The task
Would you repeat the whole listing exactly?

Data supplied
lemma vertex_of_cong:
  assumes "\<forall>i\<in>{1..n}. \<forall>j\<in>{1..n}. c' j < c' i \<longleftrightarrow> c j < c i"
  shows "vertex_of n c' = vertex_of n c"
  unfolding vertex_of_def
proof (intro ext sum.cong)
  fix p k assume "p \<in> pairs n"
  then show "winner n c' p k = winner n c p k"
    using assms by (auto simp: pairs_def winner_def)
qed simp

lemma vertex_of_gap_vertex_of:
  assumes inj: "inj_on c {1..n}"
  shows "inj_on (gap n (vertex_of n c)) {1..n} \<and> vertex_of n (gap n (vertex_of n c)) = vertex_of n c"
proof -
  let ?c' = "gap n (vertex_of n c)"
  have less: "?c' j < ?c' i" if "i \<in> {1..n}" "j \<in> {1..n}" "c j < c i" for i j
    using that by (simp add: gap_vertex_of[OF inj] sum_sgn_diff_strict_mono)
  have "?c' j < ?c' i \<longleftrightarrow> c j < c i" if "i \<in> {1..n}" "j \<in> {1..n}" for i j
    using less[OF that] less[OF that(2,1)] inj_onD[OF inj _ that] by (metis less_asym' linorder_neqE)
  moreover have "inj_on ?c' {1..n}"
    using less inj_onD[OF inj] by (metis inj_onI linorder_neqE less_irrefl)
  ultimately show ?thesis by (simp add: vertex_of_cong)
qed

theorem mainTheorem5:
  fixes n :: nat and v :: "nat \<Rightarrow> real"
  assumes "1 \<le> n"
    and "is_vertex (2 * n) (NewtU n) v"
  shows "v \<in> normal_cone (2 * n) (NewtU n) {v}"
proof -
  obtain a where "face_dir (2 * n) (NewtU n) a = {v}"
    using assms(2) unfolding is_vertex_def by blast
  then have inj: "inj_on (gap n a) {1..n}" and v: "v = vertex_of n (gap n a)"
    by (simp_all add: face_dir_NewtU_singleton_iff)
  have "face_dir (2 * n) (NewtU n) v = {v}"
    using vertex_of_gap_vertex_of[OF inj] by (simp add: face_dir_NewtU_singleton_iff v)
  moreover have "v \<in> Rsp (2 * n)" unfolding v by (rule vertex_of_in_Rsp)
  ultimately show ?thesis unfolding normal_cone_def by blast
qed

end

Task response
lemma vertex_of_cong:
  assumes "\<forall>i\<in>{1..n}. \<forall>j\<in>{1..n}. c' j < c' i \<longleftrightarrow> c j < c i"
  shows "vertex_of n c' = vertex_of n c"
  unfolding vertex_of_def
proof (intro ext sum.cong)
  fix p k assume "p \<in> pairs n"
  then show "winner n c' p k = winner n c p k"
    using assms by (auto simp: pairs_def winner_def)
qed simp

lemma vertex_of_gap_vertex_of:
  assumes inj: "inj_on c {1..n}"
  shows "inj_on (gap n (vertex_of n c)) {1..n} \<and> vertex_of n (gap n (vertex_of n c)) = vertex_of n c"
proof -
  let ?c' = "gap n (vertex_of n c)"
  have less: "?c' j < ?c' i" if "i \<in> {1..n}" "j \<in> {1..n}" "c j < c i" for i j
    using that by (simp add: gap_vertex_of[OF inj] sum_sgn_diff_strict_mono)
  have "?c' j < ?c' i \<longleftrightarrow> c j < c i" if "i \<in> {1..n}" "j \<in> {1..n}" for i j
    using less[OF that] less[OF that(2,1)] inj_onD[OF inj _ that] by (metis less_asym' linorder_neqE)
  moreover have "inj_on ?c' {1..n}"
    using less inj_onD[OF inj] by (metis inj_onI linorder_neqE less_irrefl)
  ultimately show ?thesis by (simp add: vertex_of_cong)
qed

theorem mainTheorem5:
  fixes n :: nat and v :: "nat \<Rightarrow> real"
  assumes "1 \<le> n"
    and "is_vertex (2 * n) (NewtU n) v"
  shows "v \<in> normal_cone (2 * n) (NewtU n) {v}"
proof -
  obtain a where "face_dir (2 * n) (NewtU n) a = {v}"
    using assms(2) unfolding is_vertex_def by blast
  then have inj: "inj_on (gap n a) {1..n}" and v: "v = vertex_of n (gap n a)"
    by (simp_all add: face_dir_NewtU_singleton_iff)
  have "face_dir (2 * n) (NewtU n) v = {v}"
    using vertex_of_gap_vertex_of[OF inj] by (simp add: face_dir_NewtU_singleton_iff v)
  moreover have "v \<in> Rsp (2 * n)" unfolding v by (rule vertex_of_in_Rsp)
  ultimately show ?thesis unfolding normal_cone_def by blast
qed

end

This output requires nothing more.